I thought immediately of this anecdote when I heard last Friday that the EU had been awarded this year’s Nobel Peace Prize. Nobody can be certain that, if the EU had not been created, Europe would have witnessed at some stage in the last 60 years a repeat of the devastating wars to which it was host – and which drew in many other parts of the world – in the first half of the twentieth century. For sure, the NATO and the American military presence not only helped to secure Western Europe against possible Soviet Communist military aggression, but also to ensure the peace between the West European powers. For sure, the stabilization and expansion of democracy and high levels of material prosperity also played their part. But, at the very least, the EU provided additional insurance against the recurrence of war between its – ever more numerous – member states. In this sense, unwittingly, my friend’s American neighbour provided an accurate characterization of the EU’s principal historical function – and purpose. Just like a conventional insurance policy, it comes with a cost – but when you think about it carefully, would you really want to do without it?
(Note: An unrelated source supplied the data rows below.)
lemma real_cond_exp_vimage_indicator:
  assumes Z[measurable]: "Z \<in> measurable M MZ" and E: "E \<in> sets M"
    and s[measurable]: "s \<in> borel_measurable MZ"
    and s_bounds: "\<forall>\<omega>\<in>space M. 0 \<le> s (Z \<omega>) \<and> s (Z \<omega>) \<le> 1"
    and version: "\<And>D. D \<in> sets MZ \<Longrightarrow>
      (\<integral>\<omega>. (indicator E \<omega> :: real) * indicator D (Z \<omega>) \<partial>M) = (\<integral>\<omega>. s (Z \<omega>) * indicator D (Z \<omega>) \<partial>M)"
  shows "AE \<omega> in M. real_cond_exp M (vimage_algebra (space M) Z MZ) (indicator E) \<omega> = s (Z \<omega>)"
proof -
  let ?F = "vimage_algebra (space M) Z MZ"
  interpret sigma_finite_subalgebra M ?F
    by (rule sigma_finite_subalgebra_vimage_algebra[OF Z])
  have Z_space: "Z \<in> space M \<rightarrow> space MZ"
    using Z by (auto simp: measurable_def)
  have sZ_F: "(\<lambda>\<omega>. s (Z \<omega>)) \<in> borel_measurable ?F"
    by (rule measurable_compose[OF measurable_vimage_algebra1[OF Z_space] s])
  have sZ_int: "integrable M (\<lambda>\<omega>. s (Z \<omega>))"
    by (rule Bochner_Integration.integrable_bound[where f="\<lambda>_. 1::real"])
       (simp, measurable, use s_bounds in \<open>auto intro!: AE_I2\<close>)
  show ?thesis
  proof (rule real_cond_exp_charact[OF _ _ sZ_int sZ_F])
    fix A assume "A \<in> sets ?F"
    then obtain D where D: "D \<in> sets MZ" "A = Z -` D \<inter> space M"
      using Z_space by (auto simp: sets_vimage_algebra2)
    have "(\<integral>\<omega>\<in>A. indicator E \<omega> \<partial>M) = (\<integral>\<omega>. (indicator E \<omega> :: real) * indicator D (Z \<omega>) \<partial>M)"
      unfolding set_lebesgue_integral_def D(2)
      by (rule Bochner_Integration.integral_cong) (auto split: split_indicator)
    also have "\<dots> = (\<integral>\<omega>. s (Z \<omega>) * indicator D (Z \<omega>) \<partial>M)"
      using version D(1) .
    also have "\<dots> = (\<integral>\<omega>\<in>A. s (Z \<omega>) \<partial>M)"
      unfolding set_lebesgue_integral_def D(2)
      by (rule Bochner_Integration.integral_cong) (auto split: split_indicator)
    finally show "(\<integral>\<omega>\<in>A. indicator E \<omega> \<partial>M) = (\<integral>\<omega>\<in>A. s (Z \<omega>) \<partial>M)" .
  qed (use E in \<open>simp add: integrable_indicator_iff less_top[symmetric]\<close>)
qed

lemma integral_rectangle_cond_indep:
  fixes Y :: "'a \<Rightarrow> real"
  assumes ci: "cond_indep M Y borel T MT Z MZ"
    and [measurable]: "Y \<in> borel_measurable M" "T \<in> measurable M MT" "Z \<in> measurable M MZ"
      "C \<in> sets MT" "s \<in> borel_measurable MZ" "D \<in> sets MZ" "B \<in> sets borel"
    and s_bounds: "\<forall>\<omega>\<in>space M. 0 \<le> s (Z \<omega>) \<and> s (Z \<omega>) \<le> 1"
    and cond_prob: "AE \<omega> in M.
      real_cond_exp M (vimage_algebra (space M) Z MZ) (indicator (T -` C \<inter> space M)) \<omega> = s (Z \<omega>)"
  shows "(\<integral>\<omega>. indicator D (Z \<omega>) * (indicator (Y -` B \<inter> space M) \<omega> * indicator (T -` C \<inter> space M) \<omega>) \<partial>M)
       = (\<integral>\<omega>. indicator D (Z \<omega>) * s (Z \<omega>) * indicator (Y -` B \<inter> space M) \<omega> \<partial>M)"
proof -
  let ?F = "vimage_algebra (space M) Z MZ"
  let ?IY = "indicator (Y -` B \<inter> space M) :: 'a \<Rightarrow> real"
  let ?IT = "indicator (T -` C \<inter> space M) :: 'a \<Rightarrow> real"
  interpret sigma_finite_subalgebra M ?F
    by (rule sigma_finite_subalgebra_vimage_algebra) measurable
  have Z_F: "Z \<in> measurable ?F MZ"
    by (rule measurable_vimage_algebra1) (use measurable_space[OF \<open>Z \<in> measurable M MZ\<close>] in blast)
  have [measurable]: "(\<lambda>\<omega>. indicator D (Z \<omega>) :: real) \<in> borel_measurable ?F"
    "(\<lambda>\<omega>. indicator D (Z \<omega>) * s (Z \<omega>) :: real) \<in> borel_measurable ?F"
    using Z_F by measurable
  have bounded_integrable: "integrable M f"
    if "f \<in> borel_measurable M" "\<And>\<omega>. \<omega> \<in> space M \<Longrightarrow> \<bar>f \<omega>\<bar> \<le> 1" for f :: "'a \<Rightarrow> real"
    by (rule Bochner_Integration.integrable_bound[where f="\<lambda>_. 1::real"])
       (simp, fact, use that in \<open>auto intro!: AE_I2\<close>)
  have "integrable M (\<lambda>\<omega>. indicator D (Z \<omega>) * (?IY \<omega> * ?IT \<omega>))"
    by (rule bounded_integrable) (measurable, simp add: indicator_def)
  then have "(\<integral>\<omega>. indicator D (Z \<omega>) * (?IY \<omega> * ?IT \<omega>) \<partial>M)
      = (\<integral>\<omega>. indicator D (Z \<omega>) * real_cond_exp M ?F (\<lambda>w. ?IY w * ?IT w) \<omega> \<partial>M)"
    by (rule real_cond_exp_intg(2)[symmetric]) measurable
  also have "\<dots> = (\<integral>\<omega>. indicator D (Z \<omega>) * (real_cond_exp M ?F ?IY \<omega> * s (Z \<omega>)) \<partial>M)"
  proof (rule integral_cong_AE)
    have "AE \<omega> in M. real_cond_exp M ?F (\<lambda>w. ?IY w * ?IT w) \<omega>
        = real_cond_exp M ?F ?IY \<omega> * real_cond_exp M ?F ?IT \<omega>"
      using ci \<open>B \<in> sets borel\<close> \<open>C \<in> sets MT\<close> unfolding cond_indep_def by blast
    with cond_prob show "AE \<omega> in M. indicator D (Z \<omega>) * real_cond_exp M ?F (\<lambda>w. ?IY w * ?IT w) \<omega>
        = indicator D (Z \<omega>) * (real_cond_exp M ?F ?IY \<omega> * s (Z \<omega>))"
      by eventually_elim simp
  qed measurable
  also have "\<dots> = (\<integral>\<omega>. (indicator D (Z \<omega>) * s (Z \<omega>)) * real_cond_exp M ?F ?IY \<omega> \<partial>M)"
    by (simp add: ac_simps)
  also have "\<dots> = (\<integral>\<omega>. indicator D (Z \<omega>) * s (Z \<omega>) * ?IY \<omega> \<partial>M)"
  proof (rule real_cond_exp_intg(2))
    show "integrable M (\<lambda>\<omega>. indicator D (Z \<omega>) * s (Z \<omega>) * ?IY \<omega>)"
      by (rule bounded_integrable) (measurable, use s_bounds in \<open>auto simp: indicator_def\<close>)
  qed measurable
  finally show ?thesis .
qed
To recall the ‘insurance’ function of the EU today is not untimely. For at no time in the last forty years has the European integration process looked as fragile and vulnerable as since the Euro zone crisis broke out in 2010. For the first time since the mid-1960s there is a serious prospect that this process will unwind and that at least one member – no less than the UK, along with France and Germany one of the ‘big three’ – will end up leaving the EU altogether. The rise across large parts of Europe of national-populist parties and in some countries of overtly extreme right-wing and racist ones reminds us that the ‘old demons’ that wrought so much havoc in Europe and further afield before the EU was born have not been entirely put to rest after all.
Even if, as a peace-maker, the EU had done such a good job as to make itself historically redundant, it might still have other useful functions to perform. Without it, how certain is it that the Single Market, so laboriously constructed since the late 1980s, would resist the forces of national protectionism that an on-going economic crisis may unleash? And, without the Single Market, how good would be the prospects of European-based firms of standing up to the competition of their American, Chinese, and Indian counterparts, all of whom have the advantage of domestic markets of continental dimensions that in future will increasingly dwarf those of any single EU member state? Is a ‘competitive’ European economy imaginable without the EU?
As significantly as the EU has contributed to fostering peace and free economic exchange between the member states, however, it has become steadily less popular among its citizens. As the former Commission president, Jacques Delors, used to say, ‘no-one can fall in love with a Single Market’. Still less likely is that citizens will develop fond feelings towards an organization whose principal role in the current crisis is that of a relentless enforcer of financial austerity. The terms of the Rome and Maastricht treaties give sound money (and market liberalization) quasi-constitutional status and priority in the EU. But, as the Euro zone moves towards a more centralized fiscal policy, as it must if the EU wishes to save the Euro, it will have to increase the volume of financial transfers from ‘creditor’ to ‘debtor’ member states. Or run a growing risk that this noble experiment will collapse amidst intensifying distributional conflicts within and between the member states. Whether such a ‘new deal’ will prove politically feasible is the proverbial $64,000 question that now hangs over the EU’s future.